One day, as we were leaving the hostel, Charles engaged Benjamin as usual. It had become friendly banter by then, so much so that Benjamin invited his new American friends to have lunch with him on the beach. This was not a swimming beach, and lunch would be at no restaurant. This was an open-air fish market. Men sold their catch from a couple of wooden stalls. There was the usual market cacophony of prices being haggled over, fish being hacked, and small, barefoot boys running around, looking for odd jobs or handouts. Benjamin picked out a large fish that looked nothing like any variety I knew from my Gulf Coast fish market. He handed our fish to a woman who was standing over a large pot of boiling oil. He said a few words in Swahili, then beckoned for us to follow him.
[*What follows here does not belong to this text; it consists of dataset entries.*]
lemma baire_open_compl_codes: "baire_open (- {pair_code x y | x y. (x, y) \<in> diag_pairs})"
  unfolding baire_open_def
proof
  fix u
  assume u: "u \<in> - {pair_code x y | x y. (x, y) \<in> diag_pairs}"
  show "\<exists>N. \<forall>v. agree N u v \<longrightarrow> v \<in> - {pair_code x y | x y. (x, y) \<in> diag_pairs}"
  proof (cases "u \<in> range (case_prod pair_code)")
    case False
    then show ?thesis
      using baire_open_compl_range_pair_code unfolding baire_open_def by fastforce
  next
    case True
    then obtain x y where xy: "u = pair_code x y" "(x, y) \<notin> diag_pairs"
      using u by auto
    then obtain n where n: "x (to_nat (init x n, init y n)) \<noteq> 0"
      unfolding diag_pairs_def by auto
    define j where "j = to_nat (init x n, init y n)"
    define M where "M = n + j + 1"
    \<comment> \<open>every code near u violates the same condition of diag_pairs\<close>
    have "(x', y') \<notin> diag_pairs" if "agree (3 * M + 1) u (pair_code x' y')" for x' y'
    proof -
      have x': "agree M x x'" and y': "agree M y y'"
        using that xy(1) agree_pair_code_iff[of M x y x' y'] by auto
      have "init x n = init x' n" "init y n = init y' n"
        using agree_mono[OF x'] agree_mono[OF y'] init_eq_iff_agree by (simp_all add: M_def)
      moreover have "x' j = x j"
        using x' unfolding agree_def M_def by simp
      ultimately have "x' (to_nat (init x' n, init y' n)) \<noteq> 0"
        using n by (simp add: j_def)
      then show ?thesis
        unfolding diag_pairs_def by auto
    qed
    then show ?thesis
      by blast
  qed
qed

lemma baire_open_compl_insert:
  assumes "baire_open (- A)"
  shows "baire_open (- insert a A)"
  unfolding baire_open_def
proof
  fix u
  assume "u \<in> - insert a A"
  then obtain p where p: "u p \<noteq> a p"
    by auto
  obtain N where N: "\<forall>v. agree N u v \<longrightarrow> v \<in> - A"
    using assms \<open>u \<in> - insert a A\<close> unfolding baire_open_def by blast
  have "v \<in> - insert a A" if "agree (max N (Suc p)) u v" for v
  proof -
    have "agree N u v" "v p = u p"
      using that unfolding agree_def by auto
    then show ?thesis
      using N p by auto
  qed
  then show "\<exists>N. \<forall>v. agree N u v \<longrightarrow> v \<in> - insert a A"
    by blast
qed

theorem mainTheorem1:
  shows "\<exists>F. F \<subseteq> Ops \<and> closedO F \<and> (\<forall>p\<in>F. fst p = 1) \<and> \<not> borelO (term_clone F)"
proof (intro exI conjI)
  let ?F = "unary_op ` generators"
  show "?F \<subseteq> Ops"
    using unary_op_Ops by blast
  show "closedO ?F"
    unfolding generators_def
    using closedO_unary_op_image baire_open_compl_insert baire_open_compl_codes by blast
  show "\<forall>p\<in>?F. fst p = 1"
    by (simp add: unary_op_def)
  show "\<not> borelO (term_clone ?F)"
  proof
    assume "borelO (term_clone ?F)"
    then have "analytic (- (unary_op \<circ> point_code) -` term_clone ?F)"
      unfolding borelO_def
      using analytic_vimage_borel baire_open_vimage_unary_op agree_point_code unary_op_Ops
      by (metis comp_apply)
    moreover have "(unary_op \<circ> point_code) -` term_clone ?F = Domain diag_pairs"
      by (rule set_eqI) (simp add: point_code_mem_term_clone_iff)
    ultimately show False
      using not_analytic_compl_diag_pairs by simp
  qed
qed

end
At another stall, he bought a plateful of rice studded with cinnamon sticks, cardamom pods, and cloves. A few words later, we had a large paratha—a flaky flat bread—dripping in butter. A few more words and our fish emerged from the oil, skin bubbly and brown. We claimed one end of a wooden picnic table and sat down to eat. In my memory, the whole feast cost less than a dollar. Charles recalls three times that much.
But no matter the price, it was a magical meal, seasoned by the joy of sharing simple fare with two friends, a few market kids, and a host of flies; seasoned by lemon wedges and the hands we ate with; seasoned by the relief that Benjamin wanted nothing more than company at lunch.
For Charles, the meal was seasoned with another kind of relief, a reprieve from temptation. Back at Luther House, the syringes we'd brought with us remained undisturbed in my backpack.